When you hit senior (citizen) year, your bones begin to creak. In fact, they hand you a Life Alert at your first class of the year (if you even go). When it comes down to it, you just can’t participate in the tomfoolery your naïve freshman booty didn’t appreciate at the time, like:
8.) Actually dressing up for Rick’s:
Sure, you could buy a new romper from Meridian Mall that some stranger will undoubtedly spill a Phucket Bucket on, or you could throw on a t-shirt and leggings and let these boys know that what they see is what they get. The guys don’t care, you can score dick with just sweatpants and a sports bra.
7.) Walking into random house parties on Milford:
You used to have no friends old enough to live in houses, so you would just walk into whatever house had beer cans strewn across the yard, and hope no one noticed. Now that you’ve reach peak old person status, people expect you to have friends or a house. If you’re sneaking into parties you very obviously weren’t invited to, you’re branded a friendless loser.

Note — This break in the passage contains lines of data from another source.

definition fmul :: "'k::field fa \<Rightarrow> 'k fa \<Rightarrow> 'k fa" where
  "fmul f g = (\<Sum>u\<in>Poly_Mapping.keys f. \<Sum>v\<in>Poly_Mapping.keys g. Poly_Mapping.single (u @ v) (Poly_Mapping.lookup f u * Poly_Mapping.lookup g v))"

text \<open>Ordered product of a list of elements (empty product = the unit word, only used
for nonempty lists below).\<close>
fun flistprod :: "'k::field fa list \<Rightarrow> 'k fa" where
  "flistprod [] = Poly_Mapping.single [] 1"
| "flistprod (f # fs) = fmul f (flistprod fs)"

definition fsubst :: "(nat \<Rightarrow> 'k::field fa) \<Rightarrow> 'k fa \<Rightarrow> 'k fa" where
  "fsubst phi f = (\<Sum>w\<in>Poly_Mapping.keys f. fsmul (Poly_Mapping.lookup f w) (flistprod (map phi w)))"

definition is_Tspace :: "'k::field fa set \<Rightarrow> bool" where
  "is_Tspace V \<longleftrightarrow> V \<subseteq> FA \<and> 0 \<in> V
     \<and> (\<forall>f\<in>V. \<forall>g\<in>V. f + g \<in> V)
     \<and> (\<forall>c. \<forall>f\<in>V. fsmul c f \<in> V)
     \<and> (\<forall>phi. (\<forall>i. phi i \<in> FA) \<longrightarrow> (\<forall>f\<in>V. fsubst phi f \<in> V))"

definition Tspan :: "'k::field fa set \<Rightarrow> 'k fa set" where
  "Tspan S = \<Inter>{V. is_Tspace V \<and> S \<subseteq> V}"

text \<open>S_d(v_1,...,v_d) = sum over sigma in Sigma_d of v_sigma(1) ... v_sigma(d)
(indices shifted to 0..d-1).\<close>
definition Ssym :: "nat \<Rightarrow> (nat \<Rightarrow> 'k::field fa) \<Rightarrow> 'k fa" where
  "Ssym d v = (\<Sum>\<sigma>\<in>{\<sigma>. \<sigma> permutes {..<d}}. flistprod (map (\<lambda>i. v (\<sigma> i)) [0..<d]))"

6.) Trying to make friends:
On that note, your freshmen year, you couldn’t spit on the sidewalk without hitting someone who wanted to be your friend. The entire goddamn campus was dedicated to making sure you didn’t spend the year alone. Now, your desire to socialize dwindles by the year. By the time you hit your fourth year, you don’t have the energy to pretend you aren’t a stressed out, garbage harpy.

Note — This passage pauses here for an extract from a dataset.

(* Let $X$ be a proper geodesic metric space which is coarsely path-connected, let $\alpha:\mathbb{R}_+\to X$ be a coarse $\mathbb{R}_+$-basepoint, and set $p=\alpha(0)$. Let $A\subseteq X$ be a dispersed set. Then there exist functions $\gamma,\rho:\mathbb{R}_+\to\mathbb{R}_+$ such that (1) $\gamma(R)>R$ for all $R>0$; and (2) for every $R>0$ and every $x\in A\setminus B_p(\gamma(R))$ there is a path $h_x:[0,k_x]\to X$ with (a) $h_x(0)=x$ and $h_x(k_x)\in\mathrm{Im}(\alpha)$; (b) $\mathrm{Im}(h_x)\cap B_p(R)=\emptyset$; (c) $h_x$ is $\rho$-bornologous; (d) $k_x\le 2\|x\|$, where $\|x\|=d(x,p)$.
   Context: Notation: $\mathbb{R}_+=[0,\infty)$, $B_p(r)=\{x:d(x,p)<r\}$. A (not necessarily continuous) map is controlled if for every $r>0$ there is $S>0$ with $d(x,x')<r\Rightarrow d(f(x),f(x'))<S$; proper if preimages of bounded sets are bounded; coarse if both. A map $f$ is $\rho$-bornologous if $d(f(x),f(x'))\le\rho(d(x,x'))$ for all $x,x'$. For a coarse $q:Z\to\mathbb{R}_+$, $I_qZ=\{(z,t)\in Z\times\mathbb{R}_+: t\le q(z)\}$ (product sup metric), $i_0(z)=(z,0)$, $i_1(z)=(z,q(z))$; coarse maps $f,g:Z\to X$ are coarsely homotopic if there exist a coarse $q$ and a coarse $H:I_qZ\to X$ with $H\circ i_0=f$, $H\circ i_1=g$. A coarse $\mathbb{R}_+$-basepoint is a coarse map $\mathbb{R}_+\to X$ close to a quasi-geodesic ray; $X$ is coarsely path-connected if any two coarse $\mathbb{R}_+$-basepoints are coarsely homotopic. A discrete subset $A\subseteq X$ is dispersed if $\partial(r)=\inf\{d(x_1,x_2): x_1\ne x_2\in A\setminus B_p(r)\}\to\infty$ as $r\to\infty$. *)

theory Defs
  imports "HOL-Analysis.Analysis"
begin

5.) Picking fights with scUM kids:
You aren’t as spry or fiery as you used to be! That’s why this past weekend at UM, instead of punching wolverines in the throat for saying you can’t read, you stole food from their parents’ tailgate instead. At this point, half your friends go to different schools and you can’t even remember why you hate U of M sometimes. Sure, there’s a football rivalry, but when it comes down to it, you’re a napper, not a fighter.
4.) Rallying after ‘Rama:
Look, your friends should be glad you even dragged your homework-backlogged ass out of bed for pitchers before noon. Now they want you to nap and bounce back for late night thirsty Thursday shenanigans? Absolutely not. You’re on a strict regimen of four square meals a day and at least eight hours of sleep if you can manage it. You lost them in the morning, so now you have to make them up tonight. Tell them to bugger off, you’ll be watching Big Mouth on Netflix instead.
3.) Walking Grand River Until 4 a.m.:
At one point in your life, you enjoyed the late night people-watching that Grand River provided. On any odd day, you could see anything from a foursome of drunkies shout-singing “Mr. Brightside” to a man in a speedo with a full Hot-N-Ready and no shoes. Now you’d rather see the backs of your eyelids any time after ten o’clock. Oh, is American Horror Story on tonight? Make that eleven o’clock.

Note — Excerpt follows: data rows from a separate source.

(* There is a universal constant $K_1>0$ such that for all $\alpha_m>0$, $\theta\in(0,1)$ and $h,\alpha_s,\eta>0$, the one-dimensional minimal energy satisfies \[ E^{1D}_{h,\alpha_s,\eta,\theta}\;\ge\; K_1\min\left(\alpha_m\eta^2\theta^2,\ \alpha_s^{2/3}\eta^{5/3}\frac{\theta^{5/3}}{(1-\theta)^{1/3}}\right)h . \]
   Context: Let $\mathbb T^1=\mathbb R/\mathbb Z$. Fix parameters $\alpha_m>0$ (membrane constant), $h>0$ (nondimensionalized film thickness), $\alpha_s>0$ (compliance ratio), $\eta>0$ (mismatch strain) and $\theta\in(0,1)$ (bonded fraction). The admissible class $\mathcal A^{1D}$ consists of triples $(w,u,\Omega)$ with $w\in H^1(\mathbb T^1;\mathbb R)$, $u\in H^2(\mathbb T^1;[0,\infty))$, $\Omega\subset\mathbb T^1$ closed with Lebesgue measure $|\Omega|=\theta$, and $u=0$ on $\Omega$. The energy is \[ E^{1D}[w,u,\Omega]=\alpha_m h\int_0^1\Big|w_x+\tfrac12 u_x^2-\eta\Big|^2dx+h^3\int_0^1|u_{xx}|^2dx+\alpha_s\Big(\int_\Omega|w_x|^2dx\Big)^{1/2}\Big(\int_\Omega|w|^2dx\Big)^{1/2}, \] and $E^{1D}_{h,\alpha_s,\eta,\theta}:=\inf_{(w,u,\Omega)\in\mathcal A^{1D}}E^{1D}[w,u,\Omega]$. *)

theory Defs
  imports "HOL-Analysis.Analysis"
begin

text \<open>Functions on the torus R/Z are represented as 1-periodic functions on the real line.\<close>

definition periodic1 :: "(real \<Rightarrow> real) \<Rightarrow> bool" where
  "periodic1 f \<longleftrightarrow> (\<forall>x. f (x + 1) = f x)"

definition L2per :: "(real \<Rightarrow> real) \<Rightarrow> bool" where
  "L2per g \<longleftrightarrow> periodic1 g \<and> g absolutely_integrable_on {0..1}
                \<and> (\<lambda>x. (g x)^2) integrable_on {0..1}"

text \<open>f is in H1 of the torus (continuous representative) with weak derivative g.\<close>
definition H1per_deriv :: "(real \<Rightarrow> real) \<Rightarrow> (real \<Rightarrow> real) \<Rightarrow> bool" where
  "H1per_deriv f g \<longleftrightarrow> periodic1 f \<and> L2per g
      \<and> (\<forall>x\<in>{0..1}. f x = f 0 + integral {0..x} g)"

text \<open>Closed subsets of the torus: closed 1-periodic subsets of R; measure taken over one period.\<close>
definition torus_closed :: "real set \<Rightarrow> bool" where
  "torus_closed S \<longleftrightarrow> closed S \<and> (\<forall>x. x \<in> S \<longleftrightarrow> x + 1 \<in> S)"

definition admissible1D ::
  "real \<Rightarrow> (real \<Rightarrow> real) \<Rightarrow> (real \<Rightarrow> real) \<Rightarrow> (real \<Rightarrow> real) \<Rightarrow> (real \<Rightarrow> real)
     \<Rightarrow> (real \<Rightarrow> real) \<Rightarrow> real set \<Rightarrow> bool" where
  "admissible1D \<theta> w wx u ux uxx \<Omega> \<longleftrightarrow>
     H1per_deriv w wx \<and> H1per_deriv u ux \<and> H1per_deriv ux uxx
     \<and> (\<forall>x. u x \<ge> 0)
     \<and> torus_closed \<Omega> \<and> measure lebesgue (\<Omega> \<inter> {0..1}) = \<theta>
     \<and> (\<forall>x\<in>\<Omega>. u x = 0)"

definition energy1D ::
  "real \<Rightarrow> real \<Rightarrow> real \<Rightarrow> real \<Rightarrow> (real \<Rightarrow> real) \<Rightarrow> (real \<Rightarrow> real) \<Rightarrow> (real \<Rightarrow> real)
     \<Rightarrow> (real \<Rightarrow> real) \<Rightarrow> real set \<Rightarrow> real" where
  "energy1D \<alpha>m h \<alpha>s \<eta> w wx ux uxx \<Omega> =
     \<alpha>m * h * integral {0..1} (\<lambda>x. (wx x + (ux x)^2 / 2 - \<eta>)^2)
     + h^3 * integral {0..1} (\<lambda>x. (uxx x)^2)
     + \<alpha>s * sqrt (integral (\<Omega> \<inter> {0..1}) (\<lambda>x. (wx x)^2))
           * sqrt (integral (\<Omega> \<inter> {0..1}) (\<lambda>x. (w x)^2))"

definition minE1D :: "real \<Rightarrow> real \<Rightarrow> real \<Rightarrow> real \<Rightarrow> real \<Rightarrow> real" where
  "minE1D \<alpha>m h \<alpha>s \<eta> \<theta> =
     Inf {energy1D \<alpha>m h \<alpha>s \<eta> w wx ux uxx \<Omega> | w wx u ux uxx \<Omega>.
            admissible1D \<theta> w wx u ux uxx \<Omega>}"

end

theory Submission
  imports Defs
begin

text \<open>If the membrane term is large there is nothing to prove. Otherwise the strain
  \<open>wx + ux\<^sup>2/2 - \<eta>\<close> is small in \<open>L\<^sup>1\<close>, and since \<open>w\<close> is periodic the mismatch \<open>\<eta>\<close> must be taken up by
  \<open>\<integral> ux\<^sup>2 \<ge> \<eta>\<close>. As \<open>u \<ge> 0\<close> vanishes on \<open>\<Omega>\<close>, so does \<open>ux\<close>, and a Poincare inequality off \<open>\<Omega>\<close> turns this
  into bending energy \<open>B = \<integral> uxx\<^sup>2 \<ge> \<eta> / (1 - \<theta>)\<close>. On \<open>\<Omega>\<close> the strain is \<open>wx - \<eta>\<close>, so
  \<open>\<integral>\<^sub>\<Omega> wx\<^sup>2 \<ge> \<eta>\<^sup>2 \<theta> / 4\<close>. Cutting the torus into cells of length \<open>l \<sim> sqrt (\<eta> \<theta> / ((1 - \<theta>) B))\<close>,
  the cells carrying a fair share of \<open>\<Omega>\<close> and little strain and slope hold at least half of \<open>\<Omega>\<close>;
  in each of them \<open>w\<close> increases at rate about \<open>\<eta>\<close> across \<open>\<Omega>\<close>, so \<open>\<integral>\<^sub>\<Omega> w\<^sup>2 \<ge> c \<eta>\<^sup>2 \<theta>\<^sup>3 l\<^sup>2\<close>.
  The substrate term is then at least \<open>c \<alpha>s \<eta>\<^sup>2 \<theta>\<^sup>2 l\<close>, and balancing it against \<open>h\<^sup>3 B\<close> gives
  the \<open>\<alpha>s powr (2/3)\<close> branch of the minimum.\<close>

lemma L2per_integrable_on:
  assumes "L2per g" "0 \<le> a" "b \<le> 1"
  shows "g absolutely_integrable_on {a..b}" "g integrable_on {a..b}"
    "(\<lambda>x. (g x)^2) integrable_on {a..b}"
proof -
  have sub: "{a..b} \<subseteq> {0..1}" using assms by auto
  show ai: "g absolutely_integrable_on {a..b}"
    using absolutely_integrable_on_subinterval[OF _ sub] assms(1) unfolding L2per_def by auto
  then show "g integrable_on {a..b}" unfolding absolutely_integrable_on_def by auto
  show "(\<lambda>x. (g x)^2) integrable_on {a..b}"
    using integrable_on_subinterval[OF _ sub] assms(1) unfolding L2per_def by auto
qed

lemma H1per_derivD:
  assumes "H1per_deriv F G"
  shows "F (x + 1) = F x" "L2per G"
  using assms unfolding H1per_deriv_def periodic1_def by blast+

lemma H1per_deriv_increment:
  assumes "H1per_deriv F G" "0 \<le> a" "a \<le> b" "b \<le> 1"
  shows "F b - F a = integral {a..b} G"
proof -
  have FTC: "F x = F 0 + integral {0..x} G" if "x \<in> {0..1}" for x
    using assms(1) that unfolding H1per_deriv_def by blast
  have "G integrable_on {0..b}"
    using L2per_integrable_on(2)[OF H1per_derivD(2)[OF assms(1)]] assms by auto
  then have "integral {0..a} G + integral {a..b} G = integral {0..b} G"
    using Henstock_Kurzweil_Integration.integral_combine[of 0 a b G] assms by auto
  then show ?thesis using FTC[of a] FTC[of b] assms by auto
qed

lemma H1per_deriv_continuous_on:
  assumes "H1per_deriv F G"
  shows "continuous_on {0..1} F"
proof -
  have "G integrable_on {0..1}"
    using L2per_integrable_on(2)[OF H1per_derivD(2)[OF assms]] by auto
  then have "continuous_on {0..1} (\<lambda>x. F 0 + integral {0..x} G)"
    by (intro continuous_intros indefinite_integral_continuous_1)
  moreover have "F 0 + integral {0..x} G = F x" if "x \<in> {0..1}" for x
    using assms that unfolding H1per_deriv_def by (metis (no_types))
  ultimately show ?thesis by (rule continuous_on_eq)
qed

lemma H1per_deriv_nonneg_at_zero:
  assumes "H1per_deriv F G" "continuous_on {0..1} G" "\<And>x. 0 \<le> F x"
    and "0 \<le> z" "z < 1" "F z = 0"
  shows "0 \<le> G z"
proof (rule ccontr)
  assume "\<not> 0 \<le> G z"
  then have neg: "G z < 0" by simp
  obtain d where d: "d > 0" "\<forall>x\<in>{0..1}. dist x z < d \<longrightarrow> dist (G x) (G z) < - G z / 2"
    using assms(2) assms(4,5) neg unfolding continuous_on_iff by (metis atLeastAtMost_iff
        less_eq_real_def neg_0_less_iff_less half_gt_zero)
  define y where "y = min (z + d/2) 1"
  have zy: "z < y" "y \<le> 1" using d assms by (auto simp: y_def)
  have le: "G x \<le> G z / 2" if "x \<in> {z..y}" for x
  proof -
    have "x \<in> {0..1}" "dist x z < d" using that zy assms d by (auto simp: y_def dist_real_def)
    then have "dist (G x) (G z) < - G z / 2" using d by auto
    then show ?thesis unfolding dist_real_def by arith
  qed
  have "F y - F z = integral {z..y} G" using H1per_deriv_increment[OF assms(1), of z y] zy assms by auto
  also have "\<dots> \<le> integral {z..y} (\<lambda>x. G z / 2)"
    using L2per_integrable_on(2)[OF H1per_derivD(2)[OF assms(1)], of z y] assms zy le
    by (intro integral_le) auto
  also have "\<dots> < 0" using zy neg by (simp add: mult_pos_neg)
  finally show False using assms(3)[of y] assms(6) by linarith
qed

lemma H1per_deriv_nonpos_at_zero:
  assumes "H1per_deriv F G" "continuous_on {0..1} G" "\<And>x. 0 \<le> F x"
    and "0 < z" "z \<le> 1" "F z = 0"
  shows "G z \<le> 0"
proof (rule ccontr)
  assume "\<not> G z \<le> 0"
  then have pos: "G z > 0" by simp
  obtain d where d: "d > 0" "\<forall>x\<in>{0..1}. dist x z < d \<longrightarrow> dist (G x) (G z) < G z / 2"
    using assms(2) assms(4,5) pos unfolding continuous_on_iff
    by (metis atLeastAtMost_iff less_eq_real_def half_gt_zero)
  define y where "y = max (z - d/2) 0"
  have zy: "y < z" "0 \<le> y" using d assms by (auto simp: y_def)
  have le: "G z / 2 \<le> G x" if "x \<in> {y..z}" for x
  proof -
    have "x \<in> {0..1}" "dist x z < d" using that zy assms d by (auto simp: y_def dist_real_def)
    then have "dist (G x) (G z) < G z / 2" using d by auto
    then show ?thesis unfolding dist_real_def by arith
  qed
  have "0 < integral {y..z} (\<lambda>x. G z / 2)" using zy pos by simp
  also have "\<dots> \<le> integral {y..z} G"
    using L2per_integrable_on(2)[OF H1per_derivD(2)[OF assms(1)], of y z] assms zy le
    by (intro integral_le) auto
  also have "\<dots> = F z - F y" using H1per_deriv_increment[OF assms(1), of y z] zy assms by auto
  finally show False using assms(3)[of y] assms(6) by linarith
qed

lemma square_integral_le:
  fixes g :: "real \<Rightarrow> real"
  assumes "g integrable_on {a..b}" "(\<lambda>x. (g x)^2) integrable_on {a..b}" "a \<le> b"
  shows "(integral {a..b} g)^2 \<le> (b - a) * integral {a..b} (\<lambda>x. (g x)^2)"
proof (cases "a = b")
  case True
  then show ?thesis by simp
next
  case False
  define I where "I = integral {a..b} g"
  define t where "t = I / (b - a)"
  have ba: "b - a > 0" using False assms by auto
  \<comment> \<open>integrate \<open>(g - t)\<^sup>2 \<ge> 0\<close> for the mean value \<open>t\<close>\<close>
  have "((\<lambda>x. (g x - t)^2) has_integral
      (integral {a..b} (\<lambda>x. (g x)^2) - 2 * t * I + t^2 * (b - a))) {a..b}"
  proof -
    have "((\<lambda>x. (g x)^2 - 2 * t * g x + t^2) has_integral
        (integral {a..b} (\<lambda>x. (g x)^2) - 2 * t * I + t^2 * (b - a))) {a..b}"
      using assms unfolding I_def
      by (intro has_integral_add has_integral_diff has_integral_mult_right integrable_integral)
         (use has_integral_const_real[of "t^2" a b] ba in \<open>auto simp: mult.commute\<close>)
    then show ?thesis by (simp add: power2_diff algebra_simps)
  qed
  then have "0 \<le> integral {a..b} (\<lambda>x. (g x)^2) - 2 * t * I + t^2 * (b - a)"
    by (rule has_integral_nonneg) simp
  also have "\<dots> = integral {a..b} (\<lambda>x. (g x)^2) - I^2 / (b - a)"
  proof -
    have "2 * t * I = 2 * (I^2 / (b - a))" "t^2 * (b - a) = I^2 / (b - a)"
      using ba by (simp_all add: t_def power2_eq_square)
    then show ?thesis by simp
  qed
  finally show ?thesis using ba unfolding I_def by (simp add: field_simps)
qed

lemma integrable_restrict_measurable:
  fixes g :: "real \<Rightarrow> real"
  assumes "g absolutely_integrable_on {a..b}" "S \<in> sets lebesgue"
  shows "(\<lambda>x. if x \<in> S then g x else 0) integrable_on {a..b}"
proof -
  have "g absolutely_integrable_on (S \<inter> {a..b})"
    by (rule set_integrable_subset[OF assms(1)]) (use assms(2) in auto)
  then have "g integrable_on (S \<inter> {a..b})" unfolding absolutely_integrable_on_def by auto
  then show ?thesis by (rule integrable_restrict_Int[THEN iffD2])
qed

lemma integral_indicator_interval_le:
  fixes p D a b :: real
  assumes "0 \<le> D"
  shows "integral {a..b} (indicat_real {p..p+D}) \<le> D"
proof -
  have "integral {a..b} (indicat_real {p..p+D}) = integral {a..b} (\<lambda>x. if x \<in> {p..p+D} then 1 else 0)"
    by (rule integral_cong) (simp add: indicator_def)
  also have "\<dots> = integral ({p..p+D} \<inter> {a..b}) (\<lambda>x. 1::real)"
    by (rule integral_restrict_Int)
  also have "\<dots> = integral {max p a..min (p+D) b} (\<lambda>x. 1::real)" by simp
  also have "\<dots> \<le> D" using assms by (cases "max p a \<le> min (p+D) b") auto
  finally show ?thesis .
qed

lemma integral_uniform_partition:
  fixes g :: "real \<Rightarrow> real"
  assumes "g integrable_on {0..1}" "0 < n"
  shows "integral {0..1} g = (\<Sum>k<n. integral {real k / n..real (Suc k) / n} g)"
proof -
  have "integral {0..real j / n} g = (\<Sum>k<j. integral {real k / n..real (Suc k) / n} g)"
    if "j \<le> n" for j
    using that
  proof (induction j)
    case 0
    then show ?case by simp
  next
    case (Suc j)
    have le1: "real (Suc j) / n \<le> 1" using Suc.prems assms by (simp add: field_simps)
    have le2: "real j / n \<le> real (Suc j) / n" using assms by (simp add: divide_right_mono)
    have "g integrable_on {0..real (Suc j) / n}"
      by (rule integrable_on_subinterval[OF assms(1)]) (use le1 in auto)
    then have "integral {0..real j / n} g + integral {real j / n..real (Suc j) / n} g
        = integral {0..real (Suc j) / n} g"
      by (intro Henstock_Kurzweil_Integration.integral_combine le2) auto
    then show ?case using Suc by simp
  qed
  from this[of n] show ?thesis using assms by simp
qed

2.) Being Drunk All Day For a Reason:
You don’t need a tailgate to get plastered off of Twisted Teas at 3 p.m. on a Saturday; that midterm you’ve been planning to fail for a month now is reason enough. Everybody knows a Twisted Tea is a sad way to go down, but your life is pretty sad at this point even without that fact.
1.) Frat Parties:
Alright, we’re pretty sure it doesn’t take until senior year to know you’re way too old for this shit. As soon as your Converse stick to a basement floor while three different guys named Chad all try
to bong beers to impress you, you’ll know it’s time to tap out. Sweaty men in muscle tees with American Flags plastered across the walls of their debauchery den will never fulfill you. Ever. Move on to bigger and better things, like giving up on your goals and ambitions early to accept a future of mediocrity. You’ll probably see those frat douches there.
Life sucks and then you die. We’re pretty sure that’s a quote by someone who means something. In college, however, life is great and then you realize you graduate next semester. Let the panic set in, maybe try the shit on this list one last time in search of a spark you lost years ago, and then realize your best years are behind you. Cheers to the glory days, as well as your impending senility.